There is also video in the show. “Infinite Tabernacle” consists of five monitors propped on their sides, lying gently on a throw rug, like an impromptu home shrine. The image playing on the screens shows the shooting of the African sculptures but with one difference from real life. In the video, we witness the figures being riddled with bullets, but we also see the bullet reverse course. The figure comes back together again and all is made whole.
“This notion of transcending the physical corporeal existence to a higher spiritual plane is also somehow in those objects,” says Biggers. “So yes, they're wounded, they're shot, they’re damaged but they’re not dead. They're sort of resurrected, in a sense, and fortified.”
The idea of transcendence and a deeper cosmic thread coursing through all life has long interwoven itself through Biggers’ work. Biggers, who in the past has taught art at Harvard and Columbia University, lived in Japan for three years and was deeply influenced by Buddhist ideas and philosophies. Some of his pieces reflect this interest, including a series that he began in 2000 of traditional sand-drawn Buddhist and Hindu mandalas reimagined as a hip-hop dance floor, as well as another older work, “Lotus,” which appears to be a beautiful round white lotus blossom etched on a circular pane of glass until you get close enough to see that the petals are actually the hull of slave ships packed with human cargo. In one simple image, Biggers juxtaposes the horrors of slavery with a Buddhist symbol of purity of body, speech and mind. Typical of Biggers’ work, it is multi-layered, spiritual and otherworldly while rooted in the black experience.
“That's something that's always been in my work,” he says. “Everything was really deeply about ritual, meditation, healing, transcendence, and perspective of how humans exist within the larger cosmological context.”

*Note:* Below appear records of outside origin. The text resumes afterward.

theorem lemma3p5:
  fixes \<beta> t :: real and N :: nat
  assumes "\<beta> > 0" and "N \<ge> 1"
    and "\<bar>t\<bar> \<ge> (real N - 1) * \<beta> / 2"
  shows "(cmod (P N \<beta> t))^2
    \<le> exp (- (1 / (2 * \<beta>)) * t^2 * W (real N * \<beta> / (2 * \<bar>t\<bar>))) * exp (2 * c3 N \<beta> * real N)"
proof -
  have phi_nonneg: "0 \<le> 1 + phi \<bar>t\<bar> u" for u using phi_ge_minus_one[of "\<bar>t\<bar>" u] by linarith
  have "(cmod (P N \<beta> t))^2
      = (\<Prod>j\<in>{1..<N}. \<Prod>k\<in>{1..nat \<lfloor>real j * \<beta> / 2\<rfloor>}. 1 + phi \<bar>t\<bar> (1 + real j * \<beta> / 2 - real k))"
    by (rule norm_P_squared)
  also have "\<dots> \<le> (\<Prod>j\<in>{1..<N}. \<Prod>k\<in>{1..nat \<lfloor>real j * \<beta> / 2\<rfloor>}.
      exp (phi \<bar>t\<bar> (1 + real j * \<beta> / 2 - real k)))"
    by (intro prod_mono conjI prod_nonneg ballI exp_ge_add_one_self phi_nonneg)
  also have "\<dots> = exp (\<Sum>j\<in>{1..<N}. \<Sum>k\<in>{1..nat \<lfloor>real j * \<beta> / 2\<rfloor>}.
      phi \<bar>t\<bar> (1 + real j * \<beta> / 2 - real k))"
    by (simp add: exp_sum)
  also have "\<dots> \<le> exp (W_rescaled \<bar>t\<bar> \<beta> (real N) + 2 * c3 N \<beta> * real N)"
    using double_sum_phi_le[of "\<bar>t\<bar>"] assms(1,2) by simp
  also have "\<dots> = exp (- (1 / (2 * \<beta>)) * t^2 * W (real N * \<beta> / (2 * \<bar>t\<bar>))) * exp (2 * c3 N \<beta> * real N)"
    unfolding W_rescaled_def exp_add power2_abs ..
  finally show ?thesis .
qed

end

And to this end, the BAM series fits neatly within Biggers’ oeuvre.
“The BAM series, I think, are really beautiful but really horrific,” he says. “And that is the sort of tension that I like my work to have, something very compelling and seductive but at the same time something very hard and almost disturbing…If you as a viewer are willing to go through that experience, there is a resolve and there is a sense of transcendence that I'm aiming for.”
“Sanford Biggers” is on view at Tufts Aidekman Arts Center Oct. 8 through Dec. 15. An artist talk and reception will be held Oct. 16 at 7 p.m.